Был и опыт Джека Фуллера, брата городского клерка. Фуллер, будучи пьяным, забрел на пастбище Родни Принса около четырех лет назад и пришел домой совершенно трезвым и без одного сапога. Он заявил, что, бродя в поисках черники, наткнулся на дыру сплурглов. Его ногу схватили снизу огненные руки - пальцы обожгли ногу сквозь кожу сапога - и только благодаря почти сверхчеловеческому усилию с его стороны он избежал участи быть затянутым в отверстие. К счастью, страдая от мозолей, он носил очень свободные сапоги, и этому обстоятельству он обязан своим избавлением от ужасной хватки сплургла.
Фуллер торжественно подтвердил, что долго после того, как вытащил ногу из сапога и убежал в безопасное место, он чувствовал жгучее напоминание о раскаленных пальцах и большом пальце, обхватившем его пятку.

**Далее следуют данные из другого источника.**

(* Let $r\ge4$, $l\ge r$, $\alpha,\beta\in\mathbb N$ with $\alpha+\beta=l-(r-2)$, let $N_G=\mathbb Z^r+\mathbb Z\frac1l(1,\ldots,1,\alpha,\beta)^{\intercal}$ (with $r-2$ entries equal to $1$), $\mathfrak L=\{x\in\mathbb R^r:x_1=\cdots=x_{r-2}\}$, $\overline{N_G}=N_G\cap\mathfrak L$ and $\overline{\sigma_0}=\mathrm{pos}(e_1,\ldots,e_r)\cap\mathfrak L$. Then the first primitive lattice point $\mathfrak n_G$ of $\overline{N_G}\setminus\{\mathbf 0\}$ on the ray $\mathbb R_{\ge0}\frac1{r-2}\sum_{i=1}^{r-2}e_i$ is $$\mathfrak n_G=\frac{1}{\gcd(\alpha,\beta,l)}\sum_{i=1}^{r-2}e_i,$$ so that the set of primitive minimal generators of $\overline{\sigma_0}$ is $\{\mathfrak n_G,e_{r-1},e_r\}$, and $$\mu_G:=\min\Big\{\varkappa\in\mathbb Q_{>0}:\varkappa\cdot\frac1{r-2}\sum_{i=1}^{r-2}e_i\in\overline{N_G}\setminus\{\mathbf0\}\Big\}=\frac{r-2}{\gcd(\alpha,\beta,l)}.$$
   Context: $e_1,\ldots,e_r$ are the standard unit vectors of $\mathbb R^r$. *)

theory Defs
  imports Main Complex_Main
begin

text \<open>Vectors of R^r are modelled as functions nat => real, coordinates indexed by 1..r,
  and zero outside {1..r}.\<close>

definition evec :: "nat \<Rightarrow> nat \<Rightarrow> real" where
  "evec i = (\<lambda>j. if j = i then 1 else 0)"

definition genv :: "nat \<Rightarrow> nat \<Rightarrow> nat \<Rightarrow> nat \<Rightarrow> nat \<Rightarrow> real" where
  "genv r l a b = (\<lambda>j. (if 1 \<le> j \<and> j \<le> r - 2 then 1
                         else if j = r - 1 then real a
                         else if j = r then real b else 0) / real l)"

definition NG :: "nat \<Rightarrow> nat \<Rightarrow> nat \<Rightarrow> nat \<Rightarrow> (nat \<Rightarrow> real) set" where
  "NG r l a b = {x. \<exists>(z::nat \<Rightarrow> int) (k::int).
      x = (\<lambda>j. (if j \<in> {1..r} then of_int (z j) else 0) + of_int k * genv r l a b j)}"

definition Lsp :: "nat \<Rightarrow> (nat \<Rightarrow> real) set" where
  "Lsp r = {x. (\<forall>j. j \<notin> {1..r} \<longrightarrow> x j = 0) \<and>
               (\<forall>i\<in>{1..r-2}. \<forall>j\<in>{1..r-2}. x i = x j)}"

definition NGbar :: "nat \<Rightarrow> nat \<Rightarrow> nat \<Rightarrow> nat \<Rightarrow> (nat \<Rightarrow> real) set" where
  "NGbar r l a b = NG r l a b \<inter> Lsp r"

definition pos_cone :: "(nat \<Rightarrow> real) set \<Rightarrow> (nat \<Rightarrow> real) set" where
  "pos_cone G = {x. \<exists>S c. finite S \<and> S \<subseteq> G \<and> (\<forall>v\<in>S. c v \<ge> (0::real)) \<and>
                       x = (\<lambda>j. \<Sum>v\<in>S. c v * v j)}"

definition sigma0bar :: "nat \<Rightarrow> (nat \<Rightarrow> real) set" where
  "sigma0bar r = pos_cone (evec ` {1..r}) \<inter> Lsp r"

definition ray :: "(nat \<Rightarrow> real) \<Rightarrow> (nat \<Rightarrow> real) set" where
  "ray v = {(\<lambda>j. t * v j) | t. t \<ge> 0}"

definition extremal_ray_gen :: "(nat \<Rightarrow> real) set \<Rightarrow> (nat \<Rightarrow> real) \<Rightarrow> bool" where
  "extremal_ray_gen \<sigma> v \<longleftrightarrow> v \<in> \<sigma> \<and> v \<noteq> (\<lambda>_. 0) \<and>
     (\<forall>a\<in>\<sigma>. \<forall>b\<in>\<sigma>. (\<lambda>j. a j + b j) \<in> ray v \<longrightarrow> a \<in> ray v \<and> b \<in> ray v)"

definition first_lattice_point :: "(nat \<Rightarrow> real) set \<Rightarrow> (nat \<Rightarrow> real) \<Rightarrow> (nat \<Rightarrow> real) \<Rightarrow> bool" where
  "first_lattice_point N v p \<longleftrightarrow>
     (\<exists>t>0. p = (\<lambda>j. t * v j) \<and> p \<in> N - {\<lambda>_. 0} \<and>
        (\<forall>s>0. (\<lambda>j. s * v j) \<in> N - {\<lambda>_. 0} \<longrightarrow> t \<le> s))"

definition primitive_generators :: "(nat \<Rightarrow> real) set \<Rightarrow> (nat \<Rightarrow> real) set \<Rightarrow> (nat \<Rightarrow> real) set" where
  "primitive_generators N \<sigma> = {p. \<exists>v. extremal_ray_gen \<sigma> v \<and> first_lattice_point N v p}"

end

(*
  A point s (e_1 + ... + e_{r-2}) lies in N_G iff s - k/l is an integer for some integer k with
  l | k alpha and l | k beta; as l | k l anyway, these two divisibilities say l | k gcd(alpha, beta, l),
  i.e. k/l runs through the multiples of 1/gcd(alpha, beta, l). So the lattice points on the diagonal
  ray are exactly the multiples of n_G. On the rays of e_{r-1} and e_r the first coordinate forces
  k/l to be an integer, so there the lattice points are the integer multiples of e_{r-1} and e_r.
  The cone is {x in L : x >= 0}; since cutting a vector of L down to a union of the blocks
  {1..r-2}, {r-1}, {r} stays in the cone, an extremal ray is supported on a single block, which
  leaves exactly the three rays above. Finally mu_G is the scalar of n_G against (1/(r-2)) sum e_i.
*)
theory Submission
  imports Defs
begin

definition ones_upto :: "nat \<Rightarrow> nat \<Rightarrow> real" where
  "ones_upto m = (\<lambda>j. if j \<in> {1..m} then 1 else 0)"

lemma sum_evec_eq_ones_upto: "(\<Sum>i = 1..m. evec i j) = ones_upto m j"
  by (auto simp: evec_def ones_upto_def)

lemma ones_upto_nonzero: "0 < m \<Longrightarrow> ones_upto m \<noteq> (\<lambda>_. 0)"
  by (auto simp: fun_eq_iff ones_upto_def intro!: exI[of _ 1])

lemma evec_nonzero: "evec i \<noteq> (\<lambda>_. 0)"
  by (auto simp: fun_eq_iff evec_def)

lemma dvd_mult_gcd3_iff:
  fixes a b l k :: int
  shows "l dvd k * a \<and> l dvd k * b \<longleftrightarrow> l dvd k * gcd a (gcd b l)"
proof
  assume "l dvd k * a \<and> l dvd k * b"
  then have "l dvd gcd (k * a) (gcd (k * b) (k * l))"
    by simp
  also have "gcd (k * b) (k * l) = \<bar>k * gcd b l\<bar>"
    by (simp add: gcd_mult_distrib_int[symmetric] abs_mult)
  also have "gcd (k * a) \<bar>k * gcd b l\<bar> = \<bar>k\<bar> * gcd a (gcd b l)"
    by (simp add: gcd_mult_distrib_int)
  finally show "l dvd k * gcd a (gcd b l)"
    by (metis abs_gcd_int abs_mult dvd_abs_iff)
next
  assume "l dvd k * gcd a (gcd b l)"
  moreover have "k * gcd a (gcd b l) dvd k * a" "k * gcd a (gcd b l) dvd k * b"
    by (simp_all add: mult_dvd_mono dvd_trans[OF gcd_dvd2 gcd_dvd1])
  ultimately show "l dvd k * a \<and> l dvd k * b"
    by (meson dvd_trans)
qed

lemma of_int_mult_divide_in_Ints_iff:
  assumes "0 < l"
  shows "of_int k * real a / real l \<in> \<int> \<longleftrightarrow> int l dvd k * int a"
  using of_int_div_of_int_in_Ints_iff[of "k * int a" "int l", where 'a=real] assms
  by simp

lemma diagonal_scalar_iff:
  fixes a b l :: nat and s :: real
  assumes "0 < l"
  defines "g \<equiv> gcd a (gcd b l)"
  shows "(\<exists>k::int. s - of_int k / real l \<in> \<int> \<and> int l dvd k * int a \<and> int l dvd k * int b)
         \<longleftrightarrow> s * real g \<in> \<int>"
proof -
  have "g dvd l" unfolding g_def by (meson gcd_dvd2 dvd_trans)
  then obtain m where l: "l = g * m" by (rule dvdE)
  have "0 < g" unfolding g_def using assms(1) by simp
  moreover have "0 < m" using assms(1) l by (simp add: nat_0_less_mult_iff)
  ultimately have lg: "real l = real g * real m" "real g \<noteq> 0" "real m \<noteq> 0"
    using l by simp_all
  have dvd_iff: "int l dvd k * int a \<and> int l dvd k * int b \<longleftrightarrow> int m dvd k" for k :: int
  proof -
    have "int l dvd k * int a \<and> int l dvd k * int b \<longleftrightarrow> int l dvd k * int g"
      using dvd_mult_gcd3_iff[of "int l" k "int a" "int b"] by (simp add: g_def)
    also have "\<dots> \<longleftrightarrow> int g * int m dvd int g * k"
      by (simp add: l mult.commute)
    also have "\<dots> \<longleftrightarrow> int m dvd k"
      using \<open>0 < g\<close> by simp
    finally show ?thesis .
  qed
  show ?thesis
  proof
    assume "\<exists>k::int. s - of_int k / real l \<in> \<int> \<and> int l dvd k * int a \<and> int l dvd k * int b"
    then obtain k n :: int where "s - of_int k / real l = of_int n" "int m dvd k"
      using dvd_iff by (metis Ints_cases)
    then obtain q where "s - of_int (int m * q) / real l = of_int n"
      by (elim dvdE) simp
    then have "s * real g = of_int (n * int g + q)"
      using lg by (simp add: field_simps)
    then show "s * real g \<in> \<int>"
      by simp
  next
    assume "s * real g \<in> \<int>"
    then obtain n :: int where n: "s * real g = of_int n" by (elim Ints_cases)
    have "s - of_int (n * int m) / real l = 0"
      using n lg by (simp add: field_simps)
    then show "\<exists>k::int. s - of_int k / real l \<in> \<int> \<and> int l dvd k * int a \<and> int l dvd k * int b"
      using dvd_iff by (metis Ints_0 dvd_triv_right)
  qed
qed

lemma genv_eq_0:
  assumes "2 \<le> r" "j \<notin> {1..r}"
  shows "genv r l a b j = 0"
  using assms by (auto simp: genv_def)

Лаконичное изложение Диконом различных историй об дыре сплурглов, которыми меня потчевали, было всеобъемлющим и поразительным.
- Это черный ход в ад, - сказал Дикон.
- Фуллер, - обратился я на следующий день к владельцу похищенного демоном сапога, - сколько рома потребуется, чтобы вы набрались храбрости и сегодня днем пошли со мной к дыре сплурглов?
- Около кварты, наверное, - ответил Фуллер после того, как внимательно посмотрел на меня, и мое лицо убедило его, что я не сомневаюсь в его словах. - Лучше перестраховаться и назвать это полной квартой. Я рассчитываю, что должен быть полностью пьян.
- Вы пойдете со мной, - спросил я, - если возьмете кварту рома, а потом и пятидолларовую купюру в придачу?
Фуллер раздумывал, взвешивая риск и прибыль. На его лице можно было увидеть борьбу искушения со страхом. В три часа мистер Фуллер с веревкой, фонарем и совершенно трезвой головой сопровождал меня через пастбище Родни Принса к красному дубу на склоне холма.
Тщательный осмотр ямы убедил меня, что это не нора какого-либо животного, Исследуя отверстие длинной палкой, я обнаружил, что за пределами земляной подкладки стена отверстия состояла из твердой породы. Это был на самом деле туннель - естественный туннель, старый, как холмы Вермонта, а значит, относившийся к нижнему билурийскому периоду.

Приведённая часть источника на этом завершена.